> **Instructions to follow**:
Write the number of lines in the material below that contain "conjI", with no other words.

......

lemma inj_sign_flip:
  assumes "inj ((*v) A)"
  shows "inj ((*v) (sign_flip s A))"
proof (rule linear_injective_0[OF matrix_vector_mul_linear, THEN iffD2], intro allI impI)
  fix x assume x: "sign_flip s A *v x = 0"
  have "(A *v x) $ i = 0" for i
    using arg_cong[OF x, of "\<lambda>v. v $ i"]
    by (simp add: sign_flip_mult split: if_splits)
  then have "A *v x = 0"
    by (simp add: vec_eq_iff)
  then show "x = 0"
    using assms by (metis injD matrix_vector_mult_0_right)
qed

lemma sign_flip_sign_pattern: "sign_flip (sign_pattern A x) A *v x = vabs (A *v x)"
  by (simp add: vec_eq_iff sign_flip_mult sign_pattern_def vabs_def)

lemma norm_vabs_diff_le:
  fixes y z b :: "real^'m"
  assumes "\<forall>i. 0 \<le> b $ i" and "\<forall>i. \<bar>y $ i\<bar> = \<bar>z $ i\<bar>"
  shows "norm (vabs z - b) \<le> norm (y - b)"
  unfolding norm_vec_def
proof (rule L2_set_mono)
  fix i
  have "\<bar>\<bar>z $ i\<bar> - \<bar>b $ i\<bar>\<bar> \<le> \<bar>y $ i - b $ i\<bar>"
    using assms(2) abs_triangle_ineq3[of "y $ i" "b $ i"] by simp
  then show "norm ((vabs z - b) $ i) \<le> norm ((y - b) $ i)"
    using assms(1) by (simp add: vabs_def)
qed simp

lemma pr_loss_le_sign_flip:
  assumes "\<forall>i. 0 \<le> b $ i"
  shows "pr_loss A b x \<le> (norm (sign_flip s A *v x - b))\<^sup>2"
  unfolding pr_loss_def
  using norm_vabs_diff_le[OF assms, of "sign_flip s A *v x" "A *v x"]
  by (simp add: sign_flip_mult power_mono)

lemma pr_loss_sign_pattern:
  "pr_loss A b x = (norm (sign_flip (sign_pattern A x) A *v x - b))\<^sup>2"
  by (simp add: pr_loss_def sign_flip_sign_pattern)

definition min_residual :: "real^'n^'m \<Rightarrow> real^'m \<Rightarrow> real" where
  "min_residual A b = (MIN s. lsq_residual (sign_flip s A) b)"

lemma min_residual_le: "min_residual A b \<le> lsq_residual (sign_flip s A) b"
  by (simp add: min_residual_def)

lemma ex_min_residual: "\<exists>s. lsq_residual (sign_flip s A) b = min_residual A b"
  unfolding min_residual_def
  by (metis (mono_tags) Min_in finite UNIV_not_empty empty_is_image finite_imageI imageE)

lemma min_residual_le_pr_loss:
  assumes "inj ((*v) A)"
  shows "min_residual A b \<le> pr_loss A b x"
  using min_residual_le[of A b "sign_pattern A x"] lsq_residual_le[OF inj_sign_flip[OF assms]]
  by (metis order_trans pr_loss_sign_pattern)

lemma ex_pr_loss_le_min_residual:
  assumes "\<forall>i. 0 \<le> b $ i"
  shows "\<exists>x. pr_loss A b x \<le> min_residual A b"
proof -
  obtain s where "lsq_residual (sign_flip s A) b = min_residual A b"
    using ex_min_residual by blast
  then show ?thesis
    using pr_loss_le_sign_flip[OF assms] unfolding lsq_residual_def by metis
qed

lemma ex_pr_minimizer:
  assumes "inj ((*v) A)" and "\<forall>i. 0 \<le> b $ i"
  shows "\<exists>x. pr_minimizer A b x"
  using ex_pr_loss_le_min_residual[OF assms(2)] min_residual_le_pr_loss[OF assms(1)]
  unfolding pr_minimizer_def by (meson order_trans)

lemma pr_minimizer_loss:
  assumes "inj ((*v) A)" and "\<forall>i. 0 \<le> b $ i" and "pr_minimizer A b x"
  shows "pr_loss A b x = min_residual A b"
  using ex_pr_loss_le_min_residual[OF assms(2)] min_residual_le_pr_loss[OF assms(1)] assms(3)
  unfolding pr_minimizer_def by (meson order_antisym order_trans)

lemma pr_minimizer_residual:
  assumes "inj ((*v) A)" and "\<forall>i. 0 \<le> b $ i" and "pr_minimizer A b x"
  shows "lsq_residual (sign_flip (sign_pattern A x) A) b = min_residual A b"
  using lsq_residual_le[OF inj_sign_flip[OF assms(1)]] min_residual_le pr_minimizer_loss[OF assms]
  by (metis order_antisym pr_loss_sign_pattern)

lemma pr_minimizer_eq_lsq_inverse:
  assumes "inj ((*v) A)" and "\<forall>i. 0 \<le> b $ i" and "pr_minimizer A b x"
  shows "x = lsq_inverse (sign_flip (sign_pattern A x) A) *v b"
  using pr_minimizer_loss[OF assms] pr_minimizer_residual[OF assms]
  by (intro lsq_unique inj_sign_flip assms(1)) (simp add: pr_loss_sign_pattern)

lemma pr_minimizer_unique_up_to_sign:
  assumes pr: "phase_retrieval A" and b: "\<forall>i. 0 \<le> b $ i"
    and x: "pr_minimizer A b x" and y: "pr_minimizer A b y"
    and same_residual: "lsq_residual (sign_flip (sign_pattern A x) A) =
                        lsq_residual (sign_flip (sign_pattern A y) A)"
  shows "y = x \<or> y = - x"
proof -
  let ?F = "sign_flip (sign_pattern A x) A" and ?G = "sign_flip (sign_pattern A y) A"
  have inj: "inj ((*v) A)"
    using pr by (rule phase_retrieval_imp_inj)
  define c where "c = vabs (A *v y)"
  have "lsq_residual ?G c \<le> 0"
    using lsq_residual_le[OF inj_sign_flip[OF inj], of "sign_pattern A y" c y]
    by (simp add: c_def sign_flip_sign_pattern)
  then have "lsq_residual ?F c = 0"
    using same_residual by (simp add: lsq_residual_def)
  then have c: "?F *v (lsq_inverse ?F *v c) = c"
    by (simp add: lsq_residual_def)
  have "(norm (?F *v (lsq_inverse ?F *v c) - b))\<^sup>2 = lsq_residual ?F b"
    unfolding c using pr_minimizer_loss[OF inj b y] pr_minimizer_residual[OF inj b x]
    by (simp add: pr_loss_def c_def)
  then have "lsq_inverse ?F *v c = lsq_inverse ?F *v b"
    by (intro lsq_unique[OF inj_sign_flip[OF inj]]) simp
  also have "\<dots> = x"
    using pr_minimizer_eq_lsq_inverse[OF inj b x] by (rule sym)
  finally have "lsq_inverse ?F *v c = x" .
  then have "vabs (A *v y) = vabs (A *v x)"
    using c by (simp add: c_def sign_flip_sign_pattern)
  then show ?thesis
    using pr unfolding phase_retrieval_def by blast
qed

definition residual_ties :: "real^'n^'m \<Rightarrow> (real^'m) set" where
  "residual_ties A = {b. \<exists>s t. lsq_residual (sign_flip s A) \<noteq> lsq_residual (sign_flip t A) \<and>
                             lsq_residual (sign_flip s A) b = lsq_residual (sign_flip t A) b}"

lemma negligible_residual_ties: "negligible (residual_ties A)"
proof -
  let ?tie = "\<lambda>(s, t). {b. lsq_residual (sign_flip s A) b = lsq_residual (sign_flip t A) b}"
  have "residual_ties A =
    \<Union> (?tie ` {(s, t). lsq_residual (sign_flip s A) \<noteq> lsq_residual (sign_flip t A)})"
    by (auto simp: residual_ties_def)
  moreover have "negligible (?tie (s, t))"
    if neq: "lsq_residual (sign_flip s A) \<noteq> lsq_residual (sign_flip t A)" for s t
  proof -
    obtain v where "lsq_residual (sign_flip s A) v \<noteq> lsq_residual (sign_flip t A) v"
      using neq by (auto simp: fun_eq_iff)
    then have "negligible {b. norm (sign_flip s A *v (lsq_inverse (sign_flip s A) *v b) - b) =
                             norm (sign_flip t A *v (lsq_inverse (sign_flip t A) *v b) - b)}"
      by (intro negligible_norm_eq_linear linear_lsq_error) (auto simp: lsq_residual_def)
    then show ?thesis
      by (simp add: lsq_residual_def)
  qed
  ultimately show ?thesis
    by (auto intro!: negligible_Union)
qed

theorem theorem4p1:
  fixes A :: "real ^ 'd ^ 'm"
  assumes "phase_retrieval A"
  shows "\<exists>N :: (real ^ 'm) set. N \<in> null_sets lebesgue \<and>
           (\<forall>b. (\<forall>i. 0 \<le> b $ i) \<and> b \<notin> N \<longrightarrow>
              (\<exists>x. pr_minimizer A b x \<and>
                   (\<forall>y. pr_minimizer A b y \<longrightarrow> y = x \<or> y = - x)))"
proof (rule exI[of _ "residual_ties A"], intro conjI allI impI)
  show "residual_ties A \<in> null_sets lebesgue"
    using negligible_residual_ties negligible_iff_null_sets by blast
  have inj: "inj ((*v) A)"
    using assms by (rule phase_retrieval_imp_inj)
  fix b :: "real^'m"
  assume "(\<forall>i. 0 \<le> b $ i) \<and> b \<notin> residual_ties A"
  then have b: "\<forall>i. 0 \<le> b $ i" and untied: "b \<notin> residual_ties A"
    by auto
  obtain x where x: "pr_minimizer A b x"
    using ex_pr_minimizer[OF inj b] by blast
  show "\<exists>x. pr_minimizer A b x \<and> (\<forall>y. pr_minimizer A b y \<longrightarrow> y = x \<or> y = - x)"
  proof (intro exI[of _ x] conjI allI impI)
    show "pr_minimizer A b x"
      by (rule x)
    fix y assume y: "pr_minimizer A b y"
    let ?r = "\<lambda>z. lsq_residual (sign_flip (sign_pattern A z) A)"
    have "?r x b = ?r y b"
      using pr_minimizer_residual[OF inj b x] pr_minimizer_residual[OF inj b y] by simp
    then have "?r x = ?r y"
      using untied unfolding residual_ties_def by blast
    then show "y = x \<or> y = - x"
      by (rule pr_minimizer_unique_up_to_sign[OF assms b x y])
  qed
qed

......

> **Response area**:
2